Do not inline string literals in Composables.
- Use parameterized resources (
%1$s, %1$d, \n) for any string assembled from dynamic parts rather
than concatenating a literal with a value; pass the value as a stringResource format argument.
- Keys are lower-snake-case and grouped by intent (e.g.
action_* for buttons/icons, property_* for
the property inspector). Reuse an existing key rather than duplicating the same text.
- Where a value reaches a Composable from a non-Composable site (e.g. an enum entry, an AWT factory
lambda), store the
StringResource (not the resolved String) and resolve it with stringResource
at the Composable call site.
- Exempt: persistence keys, file names, log/serialization identifiers, and numeric/coordinate readouts —
these are not user-facing copy and stay as literals.
Clean up after changes
- Never leave anything unused behind.
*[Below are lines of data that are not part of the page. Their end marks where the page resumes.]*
(* Let $\Omega\subset\mathbb{R}^2$ be a bounded region whose boundary $\partial\Omega$, with its positive orientation (so that Green's theorem applies), is the union of $n_c$ rational Bernstein--B\'ezier curves $\mathbf{c}_1,\dots,\mathbf{c}_{n_c}$, each traversed as its parameter $s$ runs from $0$ to $1$. Here $$\mathbf{c}_i(s)=\big(x_i(s),y_i(s)\big)=\left(\frac{\sum_{j=0}^{m_i} w_{i,j}x_{i,j}B^{m_i}_j(s)}{\sum_{j=0}^{m_i} w_{i,j}B^{m_i}_j(s)},\ \frac{\sum_{j=0}^{m_i} w_{i,j}y_{i,j}B^{m_i}_j(s)}{\sum_{j=0}^{m_i} w_{i,j}B^{m_i}_j(s)}\right),\quad 0\le s\le 1,$$ has degree $m_i\ge 1$, control points $(x_{i,j},y_{i,j})\in\mathbb{R}^2$ and control weights $w_{i,j}>0$. Then for every integer $k\ge 0$ there exist $$n_q=\left\lceil \frac{k+1}{2}\right\rceil\sum_{i=1}^{n_c}\big(m_i(k+3)+1\big)$$ points $(x_l,y_l)\in\tilde\Omega$ and real weights $\omega_l$, $l=1,\dots,n_q$, such that $$\iint_\Omega p(x,y)\,dx\,dy=\sum_{l=1}^{n_q}\omega_l\,p(x_l,y_l)$$ for every real polynomial $p(x,y)$ of total degree at most $k$. Here $\tilde\Omega=[\min_{i,j}x_{i,j},\max_{i,j}x_{i,j}]\times[\min_{i,j}y_{i,j},\max_{i,j}y_{i,j}]$ is the bounding box of all the control points.
   Context: The Bernstein basis polynomials of degree $m$ on $[0,1]$ are $B^m_j(s)=\binom{m}{j}s^j(1-s)^{m-j}$, $j=0,\dots,m$. Since all control weights are positive, each denominator $\sum_j w_{i,j}B^{m_i}_j(s)$ is strictly positive on $[0,1]$, so each curve is well defined and smooth there. The region may be multiply connected or have several components; its boundary then consists of several closed loops made up of these curves. *)

theory Defs
  imports "HOL-Complex_Analysis.Complex_Analysis"
begin

definition bernstein :: "nat \<Rightarrow> nat \<Rightarrow> real \<Rightarrow> real" where
  "bernstein m j s = real (m choose j) * s ^ j * (1 - s) ^ (m - j)"

definition rbezier ::
  "nat \<Rightarrow> (nat \<Rightarrow> real) \<Rightarrow> (nat \<Rightarrow> real) \<Rightarrow> (nat \<Rightarrow> real) \<Rightarrow> real \<Rightarrow> complex" where
  "rbezier m X Y W s =
     (let d = (\<Sum>j\<le>m. W j * bernstein m j s)
      in Complex ((\<Sum>j\<le>m. W j * X j * bernstein m j s) / d)
                 ((\<Sum>j\<le>m. W j * Y j * bernstein m j s) / d))"

definition poly2 :: "nat \<Rightarrow> (nat \<Rightarrow> nat \<Rightarrow> real) \<Rightarrow> real \<Rightarrow> real \<Rightarrow> real" where
  "poly2 k c x y = (\<Sum>a\<le>k. \<Sum>b\<le>k - a. c a b * x ^ a * y ^ b)"

end

theory Submission
  imports Defs
begin

(* A rational Bezier curve with positive weights is a convex combination of its control points,
   so every boundary curve lies in the bounding box of the control points; a bounded set whose
   frontier lies in a closed convex set lies in that set, hence so does Omega. Newton
   interpolation on a triangular grid of (k+1)(k+2)/2 distinct nodes in the box writes every
   polynomial of total degree at most k as a combination of its nodal values with continuous
   cardinal functions, and the integrals of these over Omega are the weights. As
   (k+1)(k+2)/2 <= n_q, the remaining nodes get weight zero. *)

section \<open>Polynomial functions of bounded degree\<close>

definition polyfuns1 :: "nat \<Rightarrow> (real \<Rightarrow> real) set" where
  "polyfuns1 n = {q. \<exists>d. \<forall>t. q t = (\<Sum>i\<le>n. d i * t ^ i)}"

definition polyfuns2 :: "nat \<Rightarrow> (real \<Rightarrow> real \<Rightarrow> real) set" where
  "polyfuns2 n = {f. \<exists>c. \<forall>u v. f u v = poly2 n c u v}"

lemma polyfuns1_sum:
  "finite A \<Longrightarrow> (\<And>i. i \<in> A \<Longrightarrow> q i \<in> polyfuns1 n) \<Longrightarrow>
    (\<lambda>t. \<Sum>i\<in>A. q i t) \<in> polyfuns1 n"
proof (induction A rule: finite_induct)
  case empty
  show ?case unfolding polyfuns1_def by (intro CollectI exI[of _ "\<lambda>_. 0"]) simp
next
  case (insert j A)
  then obtain d e where "\<And>t. q j t = (\<Sum>i\<le>n. d i * t ^ i)"
    and "\<And>t. (\<Sum>i\<in>A. q i t) = (\<Sum>i\<le>n. e i * t ^ i)"
    unfolding polyfuns1_def by blast
  with insert.hyps show ?case
    unfolding polyfuns1_def
    by (intro CollectI exI[of _ "\<lambda>i. d i + e i"]) (simp add: sum.distrib algebra_simps)
qed

lemma polyfuns1_monomial: "j \<le> n \<Longrightarrow> (\<lambda>t. e * t ^ j) \<in> polyfuns1 n"
  unfolding polyfuns1_def
  by (intro CollectI exI[of _ "\<lambda>i. if i = j then e else 0"])
    (simp add: if_distrib if_distribR sum.delta cong: if_cong)

lemma polyfuns2_sum:
  "finite A \<Longrightarrow> (\<And>i. i \<in> A \<Longrightarrow> f i \<in> polyfuns2 n) \<Longrightarrow>
    (\<lambda>u v. \<Sum>i\<in>A. f i u v) \<in> polyfuns2 n"
proof (induction A rule: finite_induct)
  case empty
  show ?case unfolding polyfuns2_def poly2_def by (intro CollectI exI[of _ "\<lambda>_ _. 0"]) simp
next
  case (insert j A)
  then obtain c d where "\<And>u v. f j u v = poly2 n c u v"
    and "\<And>u v. (\<Sum>i\<in>A. f i u v) = poly2 n d u v"
    unfolding polyfuns2_def by blast
  with insert.hyps show ?case
    unfolding polyfuns2_def
    by (intro CollectI exI[of _ "\<lambda>a b. c a b + d a b"])
      (simp add: poly2_def sum.distrib algebra_simps)
qed
lemma lattice_collinear: "lattice_collinear T"
proof -
  have "(\<lambda>(P, Q, R). P \<in> T \<and> Q \<in> T \<and> R \<in> T \<longrightarrow> twice_area P Q R = 0) X" for X
  proof (induction rule: infinite_descent_measure[where V = "\<lambda>(P, Q, R). nat \<bar>twice_area P Q R\<bar>"])
    case (1 X)
    obtain P Q R where X: "X = (P, Q, R)" by (cases X)
    with 1 have "P \<in> T" "Q \<in> T" "R \<in> T" "twice_area P Q R \<noteq> 0" by auto
    with exists_half_area_triangle obtain P' Q' R' where "P' \<in> T" "Q' \<in> T" "R' \<in> T"
      "2 * \<bar>twice_area P' Q' R'\<bar> = \<bar>twice_area P Q R\<bar>"
      by blast
    then show ?case using X \<open>twice_area P Q R \<noteq> 0\<close>
      by (intro exI[of _ "(P', Q', R')"]) auto
  qed
  then show ?thesis unfolding lattice_collinear_def by auto
qed

end

lemma lattice_collinear_horizontal_or_inj_snd:
  assumes "lattice_collinear T"
  shows "(\<exists>b. \<forall>P\<in>T. snd P = b) \<or> inj_on snd T"
proof (cases "\<exists>b. \<forall>P\<in>T. snd P = b")
  case False
  show ?thesis
  proof (rule disjI2, rule inj_onI)
    fix P Q assume P: "P \<in> T" and Q: "Q \<in> T" and same_height: "snd P = snd Q"
    obtain R where R: "R \<in> T" "snd R \<noteq> snd P"
      using False by blast
    have "(fst Q - fst P) * (snd R - snd P) = twice_area P Q R"
      using same_height by (simp add: twice_area_def)
    also have "\<dots> = 0"
      using assms P Q R(1) by (simp add: lattice_collinear_def)
    finally show "P = Q"
      using R(2) same_height by (simp add: prod_eq_iff)
  qed
qed simp

lemma card_lattice_collinear_horizontal:
  assumes "lattice_collinear T" "T \<subseteq> A \<times> B" "finite A" "finite B" "card B < card A"
  shows "card T \<le> card A" and "card T = card A \<Longrightarrow> \<exists>b. T = A \<times> {b}"
proof -
  have "card T \<le> card A \<and> (card T = card A \<longrightarrow> (\<exists>b. T = A \<times> {b}))"
    using lattice_collinear_horizontal_or_inj_snd[OF assms(1)]
  proof
    assume "\<exists>b. \<forall>P\<in>T. snd P = b"
    then obtain b where "T \<subseteq> A \<times> {b}"
      using assms(2) by fastforce
    moreover have "finite (A \<times> {b})" "card (A \<times> {b}) = card A"
      using assms(3) by (simp_all add: card_cartesian_product)
    ultimately show ?thesis
      by (metis card_mono card_subset_eq)
  next
    assume "inj_on snd T"
    then have "card T = card (snd ` T)"
      by (simp add: card_image)
    also have "\<dots> \<le> card B"
      using assms(2,4) by (intro card_mono) auto
    finally show ?thesis
      using assms(5) by simp
  qed
  then show "card T \<le> card A" and "card T = card A \<Longrightarrow> \<exists>b. T = A \<times> {b}"
    by blast+
qed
When a change removes the last usage of a declaration,
delete the declaration too — don't leave it dangling.
- This includes the whole chain: unused imports, private/internal functions, properties, classes,
string/drawable resources.
- After editing, search the codebase for each symbol and resource you stopped using and confirm it
has no remaining references before finishing.
Refactor old code when a change outgrows it
- Don't be afraid to refactor existing code when your change makes it better. A new feature
often leaves a name, signature, or structure that no longer fits — fix it as part of the change
rather than bolting on and moving on.
- Rename when scope changes. If a Composable called
…Toggles gains a slider, or a loadFile
helper starts saving too, the old name now lies — rename it (and every call site) to match what it
now does. Keep the rename complete: no straggler references to the old name.
- Stay within the spirit of the change. This is about leaving touched code cleaner, not a license for
sweeping unrelated rewrites.
Keep CLAUDE.md files in sync
- After a significant change, update the relevant
CLAUDE.md. Each module has its own CLAUDE.md
(plus the root one); when a change alters something they describe — module architecture, a state
holder's responsibilities, a UI surface the dependency graph, data types — update the matching section
in the same change so the docs never drift from the code.
- Only when it matters. Routine edits that don't change any documented behavior need no doc update.
Match the existing prose style and keep it terse; don't add a
CLAUDE.md section for something that
wasn't documented before unless it genuinely warrants one.
Always
- Start every new source file with the MPL-2.0 license header (copy from a sibling file).
- Keep the public API stable — optimize under the hood only (see root
CLAUDE.md → Conventions).
- Honor the performance rules (zero per-frame allocation in hot paths; see root
CLAUDE.md → Performance).
- Never commit automatically. Leave edits in the working tree as uncommitted changes so they can be
reviewed first. Only run
git commit (or git add in preparation for one) when explicitly instructed
to commit — finishing the code is not an implicit request to commit it.